__WHAT TO PRODUCE__
For this listing, the lines between the one holding "the second factor\<close>" and the one holding "(\<Sum>l<D * D. A", inclusive, must be set down exactly.

[SOURCE RECORDS Boundary: Start]

lemma tensor_one_mult_max_ent:
  assumes x: "x < D * D"
  shows "(tensor_mat D D A (1\<^sub>m D) *\<^sub>v max_ent D) $ x
    = complex_of_real (1 / sqrt (real D)) * A $$ (x div D, x mod D)"
proof -
  \<comment> \<open>index of the unique basis term |x mod D>|x mod D> of \<Phi>_D matched by 1 on the second factor\<close>
  define t where "t = x mod D * D + x mod D"
  have D: "0 < D" using x by (cases D) auto
  have t: "t < D * D" unfolding t_def using D by (intro mult_add_less_mult) auto
  have "(tensor_mat D D A (1\<^sub>m D) *\<^sub>v max_ent D) $ x
      = (\<Sum>l<D * D. A $$ (x div D, l div D) * 1\<^sub>m D $$ (x mod D, l mod D) * max_ent D $ l)"
    using x unfolding tensor_mat_def max_ent_def by (simp add: scalar_prod_def atLeast0LessThan)
  also have "\<dots> = (\<Sum>l<D * D. if l = t
      then complex_of_real (1 / sqrt (real D)) * A $$ (x div D, x mod D) else 0)"
  proof (rule sum.cong [OF refl])
    fix l assume l: "l \<in> {..<D * D}"
    have "l = t \<longleftrightarrow> l div D = x mod D \<and> l mod D = x mod D"
      using D by (auto simp: t_def) (metis div_mult_mod_eq)
    then show "A $$ (x div D, l div D) * 1\<^sub>m D $$ (x mod D, l mod D) * max_ent D $ l
        = (if l = t then complex_of_real (1 / sqrt (real D)) * A $$ (x div D, x mod D) else 0)"
      using l D by (auto simp: index_max_ent)
  qed
  also have "\<dots> = complex_of_real (1 / sqrt (real D)) * A $$ (x div D, x mod D)"
    using t by simp
  finally show ?thesis .
qed

lemma receiver_post_eq_transpose:
  assumes A: "A \<in> carrier_mat D D"
  shows "receiver_post D A = complex_of_real (1 / real D) \<cdot>\<^sub>m transpose_mat A"
proof (rule eq_matI)
  fix i j assume "i < dim_row (complex_of_real (1 / real D) \<cdot>\<^sub>m transpose_mat A)"
    "j < dim_col (complex_of_real (1 / real D) \<cdot>\<^sub>m transpose_mat A)"
  then have i: "i < D" and j: "j < D" using A by auto
  define w where "w = tensor_mat D D A (1\<^sub>m D) *\<^sub>v max_ent D"
  have "tensor_mat D D A (1\<^sub>m D) * ketbra (D * D) (max_ent D)
      = mat (D * D) (D * D) (\<lambda>(x, y). w $ x * cnj (max_ent D $ y))"
    unfolding w_def by (rule mult_ketbra [OF tensor_mat_carrier_mat max_ent_carrier])
  then have "receiver_post D A $$ (i, j) = (\<Sum>a<D. w $ (a * D + i) * cnj (max_ent D $ (a * D + j)))"
    using i j unfolding receiver_post_def ptrace1_def by (auto intro: sum.cong simp: mult_add_less_mult)
  also have "\<dots> = (\<Sum>a<D. if a = j then complex_of_real (1 / real D) * A $$ (j, i) else 0)"
  proof (rule sum.cong [OF refl])
    fix a assume a: "a \<in> {..<D}"
    have "complex_of_real (1 / sqrt (real D)) * cnj (complex_of_real (1 / sqrt (real D)))
        = complex_of_real (1 / real D)"
      by (simp flip: of_real_mult)
    then show "w $ (a * D + i) * cnj (max_ent D $ (a * D + j))
        = (if a = j then complex_of_real (1 / real D) * A $$ (j, i) else 0)"
      using a i j unfolding w_def
      by (simp add: tensor_one_mult_max_ent index_max_ent mult_add_less_mult)
  qed
  also have "\<dots> = (complex_of_real (1 / real D) \<cdot>\<^sub>m transpose_mat A) $$ (i, j)"
    using i j A by simp
  finally show "receiver_post D A $$ (i, j) = (complex_of_real (1 / real D) \<cdot>\<^sub>m transpose_mat A) $$ (i, j)" .
qed (use A in \<open>simp_all add: receiver_post_def ptrace1_def\<close>)

lemma mtrace_receiver_post:
  "A \<in> carrier_mat D D \<Longrightarrow> mtrace (receiver_post D A) = mtrace A / of_nat D"
  by (simp add: receiver_post_eq_transpose mtrace_smult_mat [of _ D] mtrace_transpose_mat)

[SOURCE RECORDS Boundary: End]

__WRITTEN ANSWER__
  \<comment> \<open>index of the unique basis term |x mod D>|x mod D> of \<Phi>_D matched by 1 on the second factor\<close>
  define t where "t = x mod D * D + x mod D"
  have D: "0 < D" using x by (cases D) auto
  have t: "t < D * D" unfolding t_def using D by (intro mult_add_less_mult) auto
  have "(tensor_mat D D A (1\<^sub>m D) *\<^sub>v max_ent D) $ x
      = (\<Sum>l<D * D. A $$ (x div D, l div D) * 1\<^sub>m D $$ (x mod D, l mod D) * max_ent D $ l)"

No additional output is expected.